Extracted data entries
_ _ _

(* Let $\alpha\in(1,2)$, $\sigma=1-\alpha/2$, $\tau>0$, let $k\ge1$ be an integer and let $c_l^{(k,\alpha)}$ ($0\le l\le k$) be as defined in the context. For any grid functions $u^0,u^1,\dots,u^{k+1}\in\mathring{\mathcal{U}}_h$, $$\sum_{l=0}^{k-1}c_l^{(k,\alpha)}\Big(\delta_tu^{k-l+\frac12}-\delta_tu^{k-l-\frac12},\ \big(\tfrac12+\sigma\big)\delta_tu^{k+\frac12}+\big(\tfrac12-\sigma\big)\delta_tu^{k-\frac12}\Big)\ \ge\ \frac12\sum_{l=0}^{k-1}c_l^{(k,\alpha)}\Big(\|\delta_tu^{k-l+\frac12}\|^2-\|\delta_tu^{k-l-\frac12}\|^2\Big).$$
   Context: Let $L>0$, $M$ a positive integer, $h=L/M$. $\mathring{\mathcal{U}}_h=\{u=(u_0,\dots,u_M): u_0=u_M=0\}$, with inner product $(u,v)=h\sum_{i=1}^{M-1}u_iv_i$ and $\|u\|=\sqrt{(u,u)}$. For grid functions $u^j$, $\delta_tu^{j+\frac12}=(u^{j+1}-u^j)/\tau$. Coefficients: for $k\ge1$, $a_1^{(k,\alpha)}=\frac32\tau^{2-\alpha}\int_0^{1/2}(s-\frac13)(k+\sigma-s)^{1-\alpha}\,\mathrm{d}s$; $a_l^{(k,\alpha)}=\tau^{2-\alpha}\int_0^1(s-\frac12)(k+\sigma-l+\frac32-s)^{1-\alpha}\,\mathrm{d}s$ for $2\le l\le k$; $b_l^{(k,\alpha)}=\tau^{2-\alpha}\int_0^1(\frac32-s)(k+\sigma-l+\frac12-s)^{1-\alpha}\,\mathrm{d}s$ for $1\le l\le k-1$; $b_k^{(k,\alpha)}=\tau^{2-\alpha}\int_0^{\sigma+1/2}s^{1-\alpha}\,\mathrm{d}s$; $c_l^{(k,\alpha)}=a_{k-l}^{(k,\alpha)}+b_{k-l}^{(k,\alpha)}$ for $0\le l\le k-1$, and $c_k^{(k,\alpha)}=\frac32\tau^{2-\alpha}\int_0^{1/2}(1-s)(k+\sigma-s)^{1-\alpha}\,\mathrm{d}s$. *)

theory Defs
  imports "HOL-Analysis.Analysis"
begin

definition coef_a :: "real \<Rightarrow> real \<Rightarrow> real \<Rightarrow> nat \<Rightarrow> nat \<Rightarrow> real" where
  "coef_a \<alpha> \<sigma> \<tau> k l =
     (if l = 1 then
        3/2 * \<tau> powr (2 - \<alpha>) *
          integral {0..1/2} (\<lambda>s. (s - 1/3) * (real k + \<sigma> - s) powr (1 - \<alpha>))
      else
        \<tau> powr (2 - \<alpha>) *
          integral {0..1} (\<lambda>s. (s - 1/2) * (real k + \<sigma> - real l + 3/2 - s) powr (1 - \<alpha>)))"

definition coef_b :: "real \<Rightarrow> real \<Rightarrow> real \<Rightarrow> nat \<Rightarrow> nat \<Rightarrow> real" where
  "coef_b \<alpha> \<sigma> \<tau> k l =
     (if l = k then
        \<tau> powr (2 - \<alpha>) * integral {0..\<sigma> + 1/2} (\<lambda>s. s powr (1 - \<alpha>))
      else
        \<tau> powr (2 - \<alpha>) *
          integral {0..1} (\<lambda>s. (3/2 - s) * (real k + \<sigma> - real l + 1/2 - s) powr (1 - \<alpha>)))"

definition coef_c :: "real \<Rightarrow> real \<Rightarrow> real \<Rightarrow> nat \<Rightarrow> nat \<Rightarrow> real" where
  "coef_c \<alpha> \<sigma> \<tau> k l =
     (if l < k then coef_a \<alpha> \<sigma> \<tau> k (k - l) + coef_b \<alpha> \<sigma> \<tau> k (k - l)
      else 3/2 * \<tau> powr (2 - \<alpha>) *
          integral {0..1/2} (\<lambda>s. (1 - s) * (real k + \<sigma> - s) powr (1 - \<alpha>)))"

text \<open>Grid functions: u :: nat \<Rightarrow> real indexed by 0..M; inner product h * sum over interior.\<close>

definition grid_inner :: "real \<Rightarrow> nat \<Rightarrow> (nat \<Rightarrow> real) \<Rightarrow> (nat \<Rightarrow> real) \<Rightarrow> real" where
  "grid_inner h M u v = h * (\<Sum>i = 1..M - 1. u i * v i)"

definition grid_norm :: "real \<Rightarrow> nat \<Rightarrow> (nat \<Rightarrow> real) \<Rightarrow> real" where
  "grid_norm h M u = sqrt (grid_inner h M u u)"

text \<open>delta_t u^{j+1/2} = (u^{j+1} - u^j)/tau, time levels u j.\<close>
definition delta_t :: "real \<Rightarrow> (nat \<Rightarrow> nat \<Rightarrow> real) \<Rightarrow> nat \<Rightarrow> nat \<Rightarrow> real" where
  "delta_t \<tau> u j = (\<lambda>i. (u (Suc j) i - u j i) / \<tau>)"

end

theory Submission
  imports Defs
begin

(* Fix a grid node, write v j for the value of delta_t u^(j+1/2) there and
   w = (1/2 + sigma) v k + (1/2 - sigma) v (k-1).  Since
   (a - b) w - (a^2 - b^2)/2 = ((b - w)^2 - (a - w)^2)/2, the difference of the two sides is,
   node by node, sum_l c_l (E (l+1) - E l) with E l = (v (k-l) - w)^2/2, and summation by parts
   turns it into c_(k-1) E k + sum_(l>=1) (c_(l-1) - c_l) E l - c_0 E 0.  This is nonnegative
   because c_(k-1) >= 0, c_l is nonincreasing for l >= 1, and E 0, E 1 are the multiples
   (1/2 - sigma)^2 and (1/2 + sigma)^2 of (v k - v (k-1))^2/2, so that
   c_1 (1/2 + sigma)^2 <= c_0 ((1/2 + sigma)^2 - (1/2 - sigma)^2) is what is needed.
   These three coefficient properties follow from elementary bounds on integrals of linear
   weights against s -> (y - s) powr (1 - alpha), which is increasing and convex in s. *)

lemma integral_affine:
  fixes a b c d :: real
  assumes "a \<le> b" and "\<And>s. f s = c * s + d"
  shows "integral {a..b} f = c * (b\<^sup>2 - a\<^sup>2) / 2 + d * (b - a)"
proof -
  have "((\<lambda>s. d) has_integral d * (b - a)) {a..b}"
    using has_integral_const_real[of d a b] assms(1) by (simp add: mult.commute)
  then have "((\<lambda>s. c * s + d) has_integral c * ((b\<^sup>2 - a\<^sup>2) / 2) + d * (b - a)) {a..b}"
    using assms(1) by (intro has_integral_add has_integral_mult_right ident_has_integral)
  moreover have "f = (\<lambda>s. c * s + d)" using assms(2) by auto
  ultimately show ?thesis by (simp add: integral_unique)
qed

lemma integral_centred_weight_ge:
  fixes g :: "real \<Rightarrow> real" and b m :: real
  assumes mono: "mono_on {0..b} g" and cont: "continuous_on {0..b} g" and "0 \<le> m" "m \<le> b"
  shows "g m * (b\<^sup>2 / 2 - m * b) \<le> integral {0..b} (\<lambda>s. (s - m) * g s)"
proof -
  have "integral {0..b} (\<lambda>s. (s - m) * g m) \<le> integral {0..b} (\<lambda>s. (s - m) * g s)"
  proof (rule integral_le)
    show "(\<lambda>s. (s - m) * g m) integrable_on {0..b}" "(\<lambda>s. (s - m) * g s) integrable_on {0..b}"
      by (intro integrable_continuous_interval continuous_intros cont)+
    fix s assume s: "s \<in> {0..b}"
    show "(s - m) * g m \<le> (s - m) * g s"
    proof (cases "s \<le> m")
      case True
      then have "g s \<le> g m" using s assms by (intro mono_onD[OF mono]) auto
      then show ?thesis using True by (intro mult_left_mono_neg) auto
    next
      case False
      then have "g m \<le> g s" using s assms by (intro mono_onD[OF mono]) auto
      then show ?thesis using False by (intro mult_left_mono) auto
    qed
  qed
  moreover have "integral {0..b} (\<lambda>s. (s - m) * g m) = g m * (b\<^sup>2 / 2 - m * b)"
    using assms by (subst integral_affine[where c = "g m" and d = "- m * g m"]) (auto simp: algebra_simps)
  ultimately show ?thesis by linarith
qed

lemma integral_centred_weight_le:
  fixes g :: "real \<Rightarrow> real" and b m :: real
  assumes mono: "mono_on {0..b} g" and cont: "continuous_on {0..b} g" and "0 < m" "m \<le> b"
  shows "integral {0..b} (\<lambda>s. (s - m) * g s)
           \<le> g 0 * (b\<^sup>2 / 2 - m * b) + (b - m) * b / 2 * (g b - g 0)"
proof -
  \<comment> \<open>\<open>q * s\<close> is the line through the origin that dominates \<open>s - m\<close> on \<open>[0, b]\<close>\<close>
  define q where "q = (b - m) / b"
  have "integral {0..b} (\<lambda>s. (s - m) * g s)
          \<le> integral {0..b} (\<lambda>s. (s - m) * g 0 + q * s * (g b - g 0))"
  proof (rule integral_le)
    show "(\<lambda>s. (s - m) * g s) integrable_on {0..b}"
      "(\<lambda>s. (s - m) * g 0 + q * s * (g b - g 0)) integrable_on {0..b}"
      by (intro integrable_continuous_interval continuous_intros cont)+
    fix s assume s: "s \<in> {0..b}"
    have g0: "g 0 \<le> g s" and gb: "g s \<le> g b" using s assms by (auto intro: mono_onD[OF mono])
    have "(s - m) * (g s - g 0) \<le> q * s * (g b - g 0)"
    proof (cases "s \<le> m")
      case True
      have "(s - m) * (g s - g 0) \<le> 0" using True g0 by (intro mult_nonpos_nonneg) auto
      also have "0 \<le> q * s * (g b - g 0)" using s g0 gb assms by (auto simp: q_def)
      finally show ?thesis .
    next
      case False
      have "(s - m) * (g s - g 0) \<le> (s - m) * (g b - g 0)" using False gb by (intro mult_left_mono) auto
      also have "\<dots> \<le> q * s * (g b - g 0)"
      proof (rule mult_right_mono)
        have "m * s \<le> m * b" using s assms by (intro mult_left_mono) auto
        then show "s - m \<le> q * s" using assms by (simp add: q_def field_simps)
      qed (use g0 gb in auto)
      finally show ?thesis .
    qed
    then show "(s - m) * g s \<le> (s - m) * g 0 + q * s * (g b - g 0)" by (simp add: algebra_simps)
  qed
  also have "\<dots> = g 0 * (b\<^sup>2 / 2 - m * b) + (b - m) * b / 2 * (g b - g 0)"
    using assms
    by (subst integral_affine[where c = "g 0 + q * (g b - g 0)" and d = "- m * g 0"])
      (auto simp: q_def field_simps power2_eq_square)
  finally show ?thesis .
qed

_ _ _

_Your objective_
Set down each line from the line containing "proof (rule mult_right_mono)" through the final line of the data, exactly and with nothing added.

_Answer for this exercise_
      proof (rule mult_right_mono)
        have "m * s \<le> m * b" using s assms by (intro mult_left_mono) auto
        then show "s - m \<le> q * s" using assms by (simp add: q_def field_simps)
      qed (use g0 gb in auto)
      finally show ?thesis .
    qed
    then show "(s - m) * g s \<le> (s - m) * g 0 + q * s * (g b - g 0)" by (simp add: algebra_simps)
  qed
  also have "\<dots> = g 0 * (b\<^sup>2 / 2 - m * b) + (b - m) * b / 2 * (g b - g 0)"
    using assms
    by (subst integral_affine[where c = "g 0 + q * (g b - g 0)" and d = "- m * g 0"])
      (auto simp: q_def field_simps power2_eq_square)
  finally show ?thesis .
qed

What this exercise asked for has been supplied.